Modernamente, não se admite mais no processo penal a busca por uma verdade real, vez que esta é utópica e inalcançável. O correto, nos dias hodiernos, é a busca pela VERDADE MATERIALMENTE POSSÍVEL, pois não se admite mais que o processo sirva de instrumento de vingança sobre aquele que é submetido ao poder sancionador estatal.
Ainda dentro da metáfora do quadro, se o juiz que preside a investigação é o mesmo que vai julgar, ele pouco esforço fará para abrir o maior número de quadrantes possíveis da moldura, pois ele acredita – ainda que inconscientemente – que já conhece a realidade dos fatos, ao passo que, quando a atividade judicante se separa entre quem pratica atos investigatórios e quem decide o litígio, haverá uma maior lisura no processo cognitivo dessa decisão, uma vez que o julgamento estará marcado pela primariedade da atividade cognitiva de quem irá decidir, separando-se definitivamente as atividades judicante e acusatória.
No nosso dia a dia, com a tecnologia que temos à nossa disposição, não há justificativa válida para a não aplicação do juiz das garantias. Esse instituto tem a capacidade de por fim, de uma vez por todas, ao fantasma do autoritarismo inquisitorial, vez que se tem efetivamente a divisão entre os papéis de julgador e acusador na relação jurídico processual.
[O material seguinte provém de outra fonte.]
(* Let $\beta,\gamma\ge0$ with $\beta+\gamma>0$. Let $\mu_{\beta,\gamma}$ be the unique strictly increasing continuous function on $[0,T]$, continuously differentiable on $(0,T]$, with $\mu_{\beta,\gamma}(0)=0$ and $\mu'_{\beta,\gamma}(s)=\frac{\gamma^2}{2\mu_{\beta,\gamma}(s)}+\frac{\sqrt2}{2}\beta$ for $s\in(0,T]$; let $\nu_{\beta,\gamma}(s):=\int_0^s\big[\frac{\sqrt2}{2}\beta\mu_{\beta,\gamma}(r)+\frac{\gamma^2}{2}\big(1+\frac{\sqrt2}{\mu_{\beta,\gamma}(r)}\big)\big]dr$; let $\varphi(s,x):=(x+e)\exp\big(\mu_{\beta,\gamma}(s)\sqrt{2\ln(x+e)}+\nu_{\beta,\gamma}(s)\big)$ and $\psi(x,\mu):=x\exp(\mu\sqrt{2\ln(1+x)})$. Then there exists a constant $K>0$ depending only on $(\beta,\gamma,T)$ such that for all $(s,x)\in[0,T]\times\mathbb R_+$, $$\psi(x,\mu_{\beta,\gamma}(s))\le\varphi(s,x)\le K\psi(x,\mu_{\beta,\gamma}(s))+K.$$
   Context: $T>0$ is fixed. *)

theory Defs
  imports "HOL-Analysis.Analysis"
begin

definition is_mu :: "real \<Rightarrow> real \<Rightarrow> real \<Rightarrow> (real \<Rightarrow> real) \<Rightarrow> bool" where
  "is_mu \<beta> \<gamma> T \<mu> \<longleftrightarrow>
     continuous_on {0..T} \<mu> \<and>
     strict_mono_on {0..T} \<mu> \<and>
     \<mu> 0 = 0 \<and>
     (\<forall>s\<in>{0<..T}. (\<mu> has_real_derivative
          (\<gamma>^2 / (2 * \<mu> s) + sqrt 2 / 2 * \<beta>)) (at s within {0..T})) \<and>
     continuous_on {0<..T} (\<lambda>s. \<gamma>^2 / (2 * \<mu> s) + sqrt 2 / 2 * \<beta>)"

definition nu_fun :: "real \<Rightarrow> real \<Rightarrow> (real \<Rightarrow> real) \<Rightarrow> real \<Rightarrow> real" where
  "nu_fun \<beta> \<gamma> \<mu> s =
     integral {0..s} (\<lambda>r. sqrt 2 / 2 * \<beta> * \<mu> r + \<gamma>^2 / 2 * (1 + sqrt 2 / \<mu> r))"

definition phi_fun :: "real \<Rightarrow> real \<Rightarrow> (real \<Rightarrow> real) \<Rightarrow> real \<Rightarrow> real \<Rightarrow> real" where
  "phi_fun \<beta> \<gamma> \<mu> s x =
     (x + exp 1) * exp (\<mu> s * sqrt (2 * ln (x + exp 1)) + nu_fun \<beta> \<gamma> \<mu> s)"

definition psi_fun :: "real \<Rightarrow> real \<Rightarrow> real" where
  "psi_fun x m = x * exp (m * sqrt (2 * ln (1 + x)))"

end

theory Submission
  imports Defs
begin

text \<open>
  Only crude information on \<open>\<mu>\<close> and \<open>\<nu>\<close> is needed: on \<open>[0,T]\<close> both are nonnegative and
  bounded, by \<open>\<mu> T\<close> and \<open>max 0 (\<nu> T)\<close>. The comparison is then pointwise in \<open>x\<close>: replacing
  \<open>1 + x\<close> by \<open>x + e\<close> raises \<open>ln\<close> by at most \<open>1\<close> and hence \<open>sqrt (2 ln)\<close> by at most
  \<open>sqrt 2 < 2\<close>, which costs the factor \<open>exp (2 \<mu> T)\<close>; the additive \<open>e\<close> in \<open>x + e\<close> is
  absorbed into \<open>x\<close> for \<open>x > 1\<close> and into the constant for \<open>x \<le> 1\<close>.
\<close>

lemma integral_nonneg_unconditional:
  fixes f :: "real \<Rightarrow> real"
  assumes "\<And>r. r \<in> S \<Longrightarrow> 0 \<le> f r"
  shows "0 \<le> integral S f"
  using assms integral_nonneg not_integrable_integral by (metis order_refl)

lemma integral_initial_segment_le:
  fixes f :: "real \<Rightarrow> real"
  assumes nonneg: "\<And>r. r \<in> {a..b} \<Longrightarrow> 0 \<le> f r"
    and cont: "continuous_on {a<..b} f"
    and s: "s \<in> {a..b}"
  shows "integral {a..s} f \<le> max 0 (integral {a..b} f)"
proof (cases "f integrable_on {a..b}")
  case True
  then have "integral {a..s} f \<le> integral {a..b} f"
    using s nonneg by (intro integral_subset_le integrable_on_subinterval[OF True]) auto
  then show ?thesis by simp
next
  case False
  \<comment> \<open>Non-integrability can only come from the endpoint \<open>a\<close>, so it persists on
    every \<open>[a,s]\<close> with \<open>s > a\<close>, where the integral is then the junk value \<open>0\<close>.\<close>
  show ?thesis
  proof (cases "s = a")
    case True
    then show ?thesis by simp
  next
    case False
    with s have "{s..b} \<subseteq> {a<..b}" by auto
    then have "f integrable_on {s..b}"
      by (intro integrable_continuous_real continuous_on_subset[OF cont])
    then have "\<not> f integrable_on {a..s}"
      using \<open>\<not> f integrable_on {a..b}\<close> s
        Henstock_Kurzweil_Integration.integrable_combine[of a s b f] by auto
    then show ?thesis by (simp add: not_integrable_integral)
  qed
qed

lemma is_mu_continuous_on: "is_mu \<beta> \<gamma> T \<mu> \<Longrightarrow> continuous_on {0..T} \<mu>"
  and is_mu_strict_mono_on: "is_mu \<beta> \<gamma> T \<mu> \<Longrightarrow> strict_mono_on {0..T} \<mu>"
  and is_mu_zero: "is_mu \<beta> \<gamma> T \<mu> \<Longrightarrow> \<mu> 0 = 0"
  by (simp_all add: is_mu_def)

lemma is_mu_pos:
  assumes "is_mu \<beta> \<gamma> T \<mu>" and "s \<in> {0<..T}"
  shows "0 < \<mu> s"
  using strict_mono_onD[OF is_mu_strict_mono_on[OF assms(1)], of 0 s] is_mu_zero[OF assms(1)] assms(2)
  by simp

lemma is_mu_nonneg:
  assumes "is_mu \<beta> \<gamma> T \<mu>" and "s \<in> {0..T}"
  shows "0 \<le> \<mu> s"
  using is_mu_pos[OF assms(1), of s] is_mu_zero[OF assms(1)] assms(2)
  by (cases "s = 0") auto

lemma is_mu_le_endpoint:
  assumes "is_mu \<beta> \<gamma> T \<mu>" and "s \<in> {0..T}"
  shows "\<mu> s \<le> \<mu> T"
  using mono_onD[OF strict_mono_on_imp_mono_on[OF is_mu_strict_mono_on[OF assms(1)]], of s T] assms(2)
  by simp

lemma nu_fun_bounds:
  assumes mu: "is_mu \<beta> \<gamma> T \<mu>" and "\<beta> \<ge> 0" and s: "s \<in> {0..T}"
  shows "0 \<le> nu_fun \<beta> \<gamma> \<mu> s" and "nu_fun \<beta> \<gamma> \<mu> s \<le> max 0 (nu_fun \<beta> \<gamma> \<mu> T)"
proof -
  define f where "f r = sqrt 2 / 2 * \<beta> * \<mu> r + \<gamma>^2 / 2 * (1 + sqrt 2 / \<mu> r)" for r
  have nu: "nu_fun \<beta> \<gamma> \<mu> t = integral {0..t} f" for t
    unfolding nu_fun_def f_def ..
  have nonneg: "0 \<le> f r" if "r \<in> {0..T}" for r
    using is_mu_nonneg[OF mu that] \<open>\<beta> \<ge> 0\<close> unfolding f_def by simp
  have "continuous_on {0<..T} \<mu>"
    using is_mu_continuous_on[OF mu] by (rule continuous_on_subset) auto
  then have "continuous_on {0<..T} f"
    unfolding f_def using is_mu_pos[OF mu] by (intro continuous_intros) force+
  then show "nu_fun \<beta> \<gamma> \<mu> s \<le> max 0 (nu_fun \<beta> \<gamma> \<mu> T)"
    unfolding nu using nonneg s by (intro integral_initial_segment_le)
  show "0 \<le> nu_fun \<beta> \<gamma> \<mu> s"
    unfolding nu using nonneg s by (intro integral_nonneg_unconditional) auto
qed

lemma sqrt_two_ln_add_e_le:
  fixes x :: real
  assumes "0 \<le> x"
  shows "sqrt (2 * ln (x + exp 1)) \<le> 2 + sqrt (2 * ln (1 + x))"
proof -
  have "x * 1 \<le> x * exp 1"
    using assms by (intro mult_left_mono) auto
  then have "x + exp 1 \<le> exp 1 * (1 + x)"
    by (simp add: algebra_simps)
  then have "ln (x + exp 1) \<le> ln (exp 1 * (1 + x))"
    using assms by (subst ln_le_cancel_iff) (auto intro: add_nonneg_pos)
  then have "ln (x + exp 1) \<le> 1 + ln (1 + x)"
    using assms by (simp add: ln_mult)
  then have "sqrt (2 * ln (x + exp 1)) \<le> sqrt (2 + 2 * ln (1 + x))" by simp
  also have "\<dots> \<le> sqrt 2 + sqrt (2 * ln (1 + x))"
    using assms by (intro sqrt_add_le_add_sqrt) auto
  also have "\<dots> \<le> 2 + sqrt (2 * ln (1 + x))"
    using sqrt2_less_2 by simp
  finally show ?thesis .
qed

lemma exp_sqrt_two_ln_le:
  fixes x m M :: real
  assumes "0 \<le> x" and "0 \<le> m" "m \<le> M"
  shows "exp (m * sqrt (2 * ln (1 + x))) \<le> x * exp (m * sqrt (2 * ln (1 + x))) + exp (2 * M)"
proof (cases "x \<le> 1")
  case True
  then have "ln (1 + x) \<le> 1" using ln_le_minus_one[of "1 + x"] assms(1) by simp
  then have "sqrt (2 * ln (1 + x)) \<le> sqrt 2" by simp
  then have "sqrt (2 * ln (1 + x)) \<le> 2" using sqrt2_less_2 by linarith
  then have "m * sqrt (2 * ln (1 + x)) \<le> M * 2" using assms by (intro mult_mono) auto
  then show ?thesis using assms(1) by (simp add: add_increasing mult.commute)
next
  case False
  then show ?thesis by (simp add: add_increasing2)
qed

lemma psi_fun_le_phi_form:
  fixes x m n :: real
  assumes "0 \<le> x" and "0 \<le> m" and "0 \<le> n"
  shows "psi_fun x m \<le> (x + exp 1) * exp (m * sqrt (2 * ln (x + exp 1)) + n)"
proof -
  have "ln (1 + x) \<le> ln (x + exp 1)"
    using assms(1) by (subst ln_le_cancel_iff) (auto intro: add_nonneg_pos)
  then have "m * sqrt (2 * ln (1 + x)) \<le> m * sqrt (2 * ln (x + exp 1)) + n"
    using assms by (simp add: mult_left_mono add_increasing2)
  then show ?thesis
    unfolding psi_fun_def using assms(1) by (intro mult_mono) auto
qed

lemma phi_form_le_psi_fun:
  fixes x m n M N :: real
  assumes x: "0 \<le> x" and m: "0 \<le> m" "m \<le> M" and n: "n \<le> N"
  defines "K \<equiv> exp (2 * M + N) * (1 + exp 1) * (1 + exp (2 * M))"
  shows "(x + exp 1) * exp (m * sqrt (2 * ln (x + exp 1)) + n) \<le> K * psi_fun x m + K"
proof -
  define E where "E = exp (m * sqrt (2 * ln (1 + x)))"
  define C where "C = exp (2 * M + N)"
  have xE: "0 \<le> x * E" using x unfolding E_def by simp
  have "m * sqrt (2 * ln (x + exp 1)) + n \<le> (2 * M + N) + m * sqrt (2 * ln (1 + x))"
    using mult_left_mono[OF sqrt_two_ln_add_e_le[OF x] m(1)] m n by (simp add: algebra_simps)
  then have "exp (m * sqrt (2 * ln (x + exp 1)) + n) \<le> C * E"
    unfolding C_def E_def by (simp flip: exp_add)
  then have "(x + exp 1) * exp (m * sqrt (2 * ln (x + exp 1)) + n) \<le> (x + exp 1) * (C * E)"
    using x by (intro mult_left_mono) (auto intro: add_nonneg_pos)
  also have "\<dots> = C * (x * E + exp 1 * E)"
    by (simp add: algebra_simps)
  also have "\<dots> \<le> C * (x * E + exp 1 * (x * E + exp (2 * M)))"
    using exp_sqrt_two_ln_le[OF x m, folded E_def] unfolding C_def by simp
  also have "\<dots> = C * (1 + exp 1) * (x * E) + C * (exp 1 * exp (2 * M))"
    by (simp add: algebra_simps)
  also have "\<dots> \<le> K * (x * E) + K"
  proof (rule add_mono)
    have "C * (1 + exp 1) \<le> K"
      unfolding K_def C_def by (simp add: add_pos_pos)
    then show "C * (1 + exp 1) * (x * E) \<le> K * (x * E)"
      using xE by (rule mult_right_mono)
    have "exp 1 * exp (2 * M) \<le> (1 + exp 1) * (1 + exp (2 * M))"
      by (intro mult_mono) auto
    then show "C * (exp 1 * exp (2 * M)) \<le> K"
      unfolding K_def C_def by (simp add: mult.assoc)
  qed
  finally show ?thesis unfolding psi_fun_def E_def .
qed

theorem proposition3p4:
  fixes \<beta> \<gamma> T :: real and \<mu> :: "real \<Rightarrow> real"
  assumes "T > 0" and "\<beta> \<ge> 0" and "\<gamma> \<ge> 0" and "\<beta> + \<gamma> > 0"
    and "is_mu \<beta> \<gamma> T \<mu>"
  shows "\<exists>K>0. \<forall>s\<in>{0..T}. \<forall>x\<ge>0.
           psi_fun x (\<mu> s) \<le> phi_fun \<beta> \<gamma> \<mu> s x \<and>
           phi_fun \<beta> \<gamma> \<mu> s x \<le> K * psi_fun x (\<mu> s) + K"
proof -
  note mu = \<open>is_mu \<beta> \<gamma> T \<mu>\<close> and \<beta> = \<open>\<beta> \<ge> 0\<close>
  define M where "M = \<mu> T"
  define N where "N = max 0 (nu_fun \<beta> \<gamma> \<mu> T)"
  define K where "K = exp (2 * M + N) * (1 + exp 1) * (1 + exp (2 * M))"
  have "K > 0" unfolding K_def by (simp add: add_pos_pos)
  moreover have "psi_fun x (\<mu> s) \<le> phi_fun \<beta> \<gamma> \<mu> s x \<and>
      phi_fun \<beta> \<gamma> \<mu> s x \<le> K * psi_fun x (\<mu> s) + K"
    if s: "s \<in> {0..T}" and x: "0 \<le> x" for s x
    using psi_fun_le_phi_form[OF x is_mu_nonneg[OF mu s] nu_fun_bounds(1)[OF mu \<beta> s]]
      phi_form_le_psi_fun[OF x is_mu_nonneg[OF mu s] is_mu_le_endpoint[OF mu s]
        nu_fun_bounds(2)[OF mu \<beta> s]]
    unfolding phi_fun_def K_def M_def N_def by simp
  ultimately show ?thesis by blast
qed

end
Nesse interim, no centro do debate público do controle de constitucionalidade da norma do juiz das garantias está a sua forma de implementação e os custos que gerará para o Estado.
Contudo, conforme defendeu brilhantemente Aury Lopes Junior perante o plenário do STF, o juiz das garantias clama pela sua efetivação dentro do sistema acusatório.
O professor asseverou ainda que, a partir da digitalização dos processos, não persistem óbices para o instituto ser implementado através de núcleos regionais e distribuição cruzada, não havendo qualquer violação ao juiz natural, vide a própria organização judiciária da justiça federal, por exemplo, onde há centralização de competência por meio de Seções Especializadas. Aury Lopes completa dizendo que quem acha que o juiz das garantias é muito oneroso, ignora o alto custo de uma injustiça.
De mais a mais, podemos concluir que o Juiz das Garantias é uma modernização necessária que urge a partir da necessidade de uma melhor qualificação da prestação jurisdicional oferecida no processo penal brasileiro, pois a garantia de um juiz imparcial é direito fundamental, é medida civilizatória, urgente, democrática, necessária e indispensável na plena efetivação do sistema acusatório e, por extensão, do próprio Estado Democrático de Direito.
Em resumo, o juiz das garantias busca separar as funções de instrução e julgamento, a fim de garantir a imparcialidade do juiz que decide o caso. Essa separação é considerada importante para evitar que o juiz que conduziu a investigação pré-processual seja influenciado por suas próprias convicções e hipóteses, garantindo uma decisão mais imparcial e justa. A implementação do juiz das garantias é vista como uma modernização necessária para qualificar a prestação jurisdicional no sistema acusatório brasileiro e fortalecer o Estado Democrático de Direito.